Let $$y:\mathit{Mfd} \hookrightarrow Psh_\infty\left(\mathit{Mfd}\right)$$ be the Yoneda embedding into infinity presheaves. First, note that the localization $y\left(W\right)^{-1}Psh_\infty\left(\mathit{Mfd}\right)$ at the class of morphisms of the form $y\left(M \times \mathbb{R}\right) \to y(M)$ is canonically equivalent to $Psh_\infty\left(\mathit{Mfd}_W\right).$ To see this observe that the canonical functor $$\mathit{Mfd} \to Psh_\infty\left(\mathit{Mfd}\right) \to y\left(W\right)^{-1}Psh_\infty\left(\mathit{Mfd}\right)$$ sends $W$ to equivalences, so induces a functor $$\mathit{Mfd}_W \to y\left(W\right)^{-1}Psh_\infty\left(\mathit{Mfd}\right),$$ which one can show immediately by universal properties exhibits $y\left(W\right)^{-1}Psh_\infty\left(\mathit{Mfd}\right)$ as the free colimit completion of $\mathit{Mfd}_W$ in the world of quasicategories.
Let $$y_w:\mathit{Mfd}_W \hookrightarrow Psh_\infty\left(\mathit{Mfd}_W\right)\simeq y\left(W\right)^{-1}Psh_\infty\left(\mathit{Mfd}\right)$$ denote the Yoneda embedding. Uwinding what we've done, we have that $$y_w\left(M\right) \simeq h \circ y\left(M\right)$$ for all manifolds $M.$ Let $h$ denote the localization functor $$h:Psh_\infty\left(\mathit{Mfd}\right) \to y\left(W\right)^{-1}Psh_\infty\left(\mathit{Mfd}\right).$$ By Lemma 7.5 of http://arxiv.org/abs/1311.3188, we have that $h$ can be computed as:
$$h\left(F\right)\left(M\right) = \operatorname{hocolim} F\left(M \times \Delta^n_{ext}\right)$$
where $\Delta_{ext}:\Delta \to \mathit{Mfd}$ is the "standard cosimplicial manifold," with each $$\Delta^n_{ext} \cong \mathbb{R}^n.$$
Now, $$h\left(y\left(M\right)\right)\left(N\right) = \operatorname{hocolim} Hom\left(N \times \Delta^n_{ext},M\right).$$
This homotopy colimit is a simplicial diagram of sets (regarded as discrete simplicial sets), so the hocolim is simply the starting simplicial set $$Hom\left(N \times \Delta^\star_{ext},M\right).$$ Finally, (and here I guess I am being partly sloppy), this simplicial set is homotopy equivalent to $Sing(M^N),$ where $M^N$ is the compactly generated mapping space. (Incidentally, if anyone has a clean proof of this last claim, let me know).

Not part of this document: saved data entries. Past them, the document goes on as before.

(* Let $\Sigma$ be a non-empty finite or countably infinite alphabet and let $\mu$ be a probability map over $\Sigma$ such that there exists at least one $\mu$-distributed sequence $\alpha\in\Sigma^\omega$. Then the following are equivalent: (1) $\mu$ is induced by a positive Bernoulli distribution $p$ on $\Sigma$, i.e. $p(a)>0$ for all $a\in\Sigma$ and $\mu(a_1\cdots a_n)=\prod_{i=1}^n p(a_i)$ for all $a_1,\dots,a_n\in\Sigma$; (2) (Postnikova property) for every $w\in\Sigma^*$ and every $\mu$-distributed $\alpha\in\Sigma^\omega$, if the sequence $\mathcal S_w[\alpha]$ selected from $\alpha$ by the Postnikova strategy $\mathcal S_w=\{vw : v\in\Sigma^*\}$ is infinite, then it is $\mu$-distributed; (3) (Agafonov property) for every DFA $A$ over $\Sigma$ and every $\mu$-distributed $\alpha\in\Sigma^\omega$, if the sequence $A[\alpha]$ selected from $\alpha$ by $A$ is infinite, then it is $\mu$-distributed.
   Context: $\Sigma^*$, $\Sigma^+$, $\Sigma^\omega$ denote finite, non-empty finite, and right-infinite sequences over $\Sigma$; $\lambda$ is the empty word; for $\alpha=a_1a_2\cdots$, $\alpha|_{\le N}=a_1\cdots a_N$. A probability map over $\Sigma$ is a map $\mu:\Sigma^+\to[0,1]$ such that for every $n\ge1$, $\sum_{w\in\Sigma^n}\mu(w)=1$ (convention $\mu(\lambda)=1$). $\mu$ is induced by a Bernoulli distribution $p:\Sigma\to[0,1]$ (with $\sum_{a\in\Sigma}p(a)=1$) if $\mu(a_1\cdots a_n)=\prod_{i=1}^n p(a_i)$; $p$ is positive if $p(a)>0$ for all $a$. For $v=v_1\cdots v_N$ and $w=w_1\cdots w_n$, $\#_w(v)=|\{j\le N+1-n: v_j\cdots v_{j+n-1}=w\}|$. A sequence $\alpha\in\Sigma^\omega$ is $\mu$-distributed if for every $w\in\Sigma^+$, $\lim_{N\to\infty}\#_w(\alpha|_{\le N})/N$ exists and equals $\mu(w)$. A strategy is a set $S\subseteq\Sigma^*$; the sequence $S[\alpha]$ selected by $S$ from $\alpha=\alpha_1\alpha_2\cdots$ is the (finite or infinite) subsequence consisting of those $\alpha_i$ (in order) with $\alpha_1\cdots\alpha_{i-1}\in S$. A DFA over $\Sigma$ (where $\Sigma$ may be infinite) is $A=(Q,\Sigma,\delta,q_s,F)$ with $Q$ finite, $\delta:Q\times\Sigma\to Q$ total, start state $q_s$, accepting states $F$; $\delta^*$ is the extension to words; $A[\alpha]$ is $S[\alpha]$ for $S=\{u\in\Sigma^*:\delta^*(q_s,u)\in F\}$. *)

theory Defs
  imports "HOL-Analysis.Analysis" "HOL-Library.Infinite_Set"
begin

text \<open>The alphabet is a type of class countable (non-empty, finite or countably infinite).
 Finite words are lists; right-infinite sequences are functions nat => 'a, with
 alpha 0 the first letter.\<close>

definition prob_map :: "('a list \<Rightarrow> real) \<Rightarrow> bool" where
  "prob_map \<mu> \<longleftrightarrow> \<mu> [] = 1 \<and>
     (\<forall>w. w \<noteq> [] \<longrightarrow> 0 \<le> \<mu> w \<and> \<mu> w \<le> 1) \<and>
     (\<forall>n\<ge>1. (\<mu> has_sum 1) {w. length w = n})"

definition bernoulli_distr :: "('a \<Rightarrow> real) \<Rightarrow> bool" where
  "bernoulli_distr p \<longleftrightarrow> (\<forall>a. 0 \<le> p a) \<and> (p has_sum 1) UNIV"

definition induced_by :: "('a list \<Rightarrow> real) \<Rightarrow> ('a \<Rightarrow> real) \<Rightarrow> bool" where
  "induced_by \<mu> p \<longleftrightarrow> (\<forall>w. w \<noteq> [] \<longrightarrow> \<mu> w = prod_list (map p w))"

definition pref :: "(nat \<Rightarrow> 'a) \<Rightarrow> nat \<Rightarrow> 'a list" where
  "pref \<alpha> N = map \<alpha> [0..<N]"

definition occ :: "'a list \<Rightarrow> 'a list \<Rightarrow> nat" where
  "occ w v = card {j. j + length w \<le> length v \<and> take (length w) (drop j v) = w}"

definition mu_distributed :: "('a list \<Rightarrow> real) \<Rightarrow> (nat \<Rightarrow> 'a) \<Rightarrow> bool" where
  "mu_distributed \<mu> \<alpha> \<longleftrightarrow>
     (\<forall>w. w \<noteq> [] \<longrightarrow> (\<lambda>N. real (occ w (pref \<alpha> N)) / real N) \<longlonglongrightarrow> \<mu> w)"

text \<open>Selection by a strategy S: position i (0-based) is selected iff the prefix of
 length i lies in S.\<close>
definition sel_positions :: "'a list set \<Rightarrow> (nat \<Rightarrow> 'a) \<Rightarrow> nat set" where
  "sel_positions S \<alpha> = {i. pref \<alpha> i \<in> S}"

definition sel_infinite :: "'a list set \<Rightarrow> (nat \<Rightarrow> 'a) \<Rightarrow> bool" where
  "sel_infinite S \<alpha> \<longleftrightarrow> infinite (sel_positions S \<alpha>)"

text \<open>the selected sequence (meaningful when the selection is infinite)\<close>
definition selected :: "'a list set \<Rightarrow> (nat \<Rightarrow> 'a) \<Rightarrow> (nat \<Rightarrow> 'a)" where
  "selected S \<alpha> = (\<lambda>k. \<alpha> (enumerate (sel_positions S \<alpha>) k))"

definition postnikova :: "'a list \<Rightarrow> 'a list set" where
  "postnikova w = {v @ w | v. True}"

text \<open>DFA with a finite state set Q (states coded as naturals), total transition
 function delta on Q, start state qs, accepting states F.\<close>
definition is_dfa :: "nat set \<Rightarrow> (nat \<Rightarrow> 'a \<Rightarrow> nat) \<Rightarrow> nat \<Rightarrow> nat set \<Rightarrow> bool" where
  "is_dfa Q \<delta> qs F \<longleftrightarrow> finite Q \<and> (\<forall>q\<in>Q. \<forall>a. \<delta> q a \<in> Q) \<and> qs \<in> Q \<and> F \<subseteq> Q"

definition dfa_strategy :: "(nat \<Rightarrow> 'a \<Rightarrow> nat) \<Rightarrow> nat \<Rightarrow> nat set \<Rightarrow> 'a list set" where
  "dfa_strategy \<delta> qs F = {u. foldl \<delta> qs u \<in> F}"

end

theory Submission
  imports Defs "HOL-Probability.Probability"
begin

text \<open>Agafonov's direction rests on a law of large numbers for statistics read along the run of
  an automaton on a normal sequence: under the Bernoulli measure, deviations of such a statistic
  over blocks at distance at least \<open>T\<close> are uncorrelated, so block averages are small in
  mean square, and normality transfers this bound to the sequence.  It gives the right letter
  frequencies in every automatic selection, and longer words follow by induction, since
  selecting after the occurrences of \<open>w\<close> in an automatic selection is again automatic.
  Postnikova strategies are automatic.  Conversely, selecting after \<open>w\<close> shows
  \<open>\<mu>(w a) = \<mu>(w) \<mu>(a)\<close>; and if a letter \<open>b\<close> had probability \<open>0\<close>, putting \<open>b\<close> exactly
  at the squares and their successors would keep a \<open>\<mu>\<close>-distributed sequence
  \<open>\<mu>\<close>-distributed, while after each \<open>b\<close> the letter \<open>b\<close> would recur with frequency at
  least \<open>1/4\<close>.\<close>

section \<open>Random words drawn from a Bernoulli distribution\<close>

abbreviation expect :: "'b pmf \<Rightarrow> ('b \<Rightarrow> real) \<Rightarrow> real" where
  "expect M f \<equiv> measure_pmf.expectation M f"

lemma integrable_measure_pmf_bounded:
  fixes f :: "'b \<Rightarrow> real"
  shows "(\<And>x. \<bar>f x\<bar> \<le> B) \<Longrightarrow> integrable (measure_pmf M) f"
  by (rule measure_pmf.integrable_const_bound[where B=B]) auto

lemma abs_expect_le:
  fixes f :: "'b \<Rightarrow> real"
  assumes "\<And>x. \<bar>f x\<bar> \<le> B"
  shows "\<bar>expect M f\<bar> \<le> B"
proof -
  have "\<bar>expect M f\<bar> \<le> expect M (\<lambda>x. \<bar>f x\<bar>)"
    by (rule integral_abs_bound)
  also have "\<dots> \<le> B"
    using assms by (intro measure_pmf.integral_le_const integrable_measure_pmf_bounded) auto
  finally show ?thesis .
qed

lemma expect_in_unit_interval:
  fixes f :: "'b \<Rightarrow> real"
  assumes "\<And>x. 0 \<le> f x \<and> f x \<le> 1"
  shows "0 \<le> expect M f \<and> expect M f \<le> 1"
  using abs_expect_le[of f 1 M] assms by (auto intro!: integral_nonneg_AE)

lemma expect_cong:
  "(\<And>x. x \<in> set_pmf M \<Longrightarrow> f x = g x) \<Longrightarrow> expect M f = expect M g"
  by (intro integral_cong_AE) (auto simp: AE_measure_pmf_iff)

lemma expect_bind_pmf:
  fixes f :: "'c \<Rightarrow> real"
  assumes "\<And>x. \<bar>f x\<bar> \<le> B"
  shows "expect (bind_pmf M N) f = expect M (\<lambda>x. expect (N x) f)"
  unfolding measure_pmf_bind
  by (rule integral_bind[where B=B and B'=1 and K="count_space UNIV"])
     (auto simp: assms measure_pmf.emeasure_space_1 measure_pmf.finite_measure
        measure_pmf_in_subprob_algebra)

Notice that $$h\left(y\left(M\right)\right)\left(N\right)\simeq Hom\left(y(N),ih\left(y\left(M\right)\right)\right),$$ where $i$ is the inclusion of $y\left(W\right)^{-1}Psh_\infty\left(\mathit{Mfd}\right)$ into $Psh_\infty\left(\mathit{Mfd}\right),$ and
$$Hom\left(y(N),ih\left(y\left(M\right)\right)\right)\simeq Hom\left(h y(N), h y(M)\right)\simeq Hom\left(y^w(N),y^w(M)\right),$$
and finally $$Hom\left(y^w(N),y^w(M)\right)\simeq Hom_{\mathit{Mfd}_w}\left(N,M\right),$$ since the Yoneda embedding $y^w$ is full and faithful.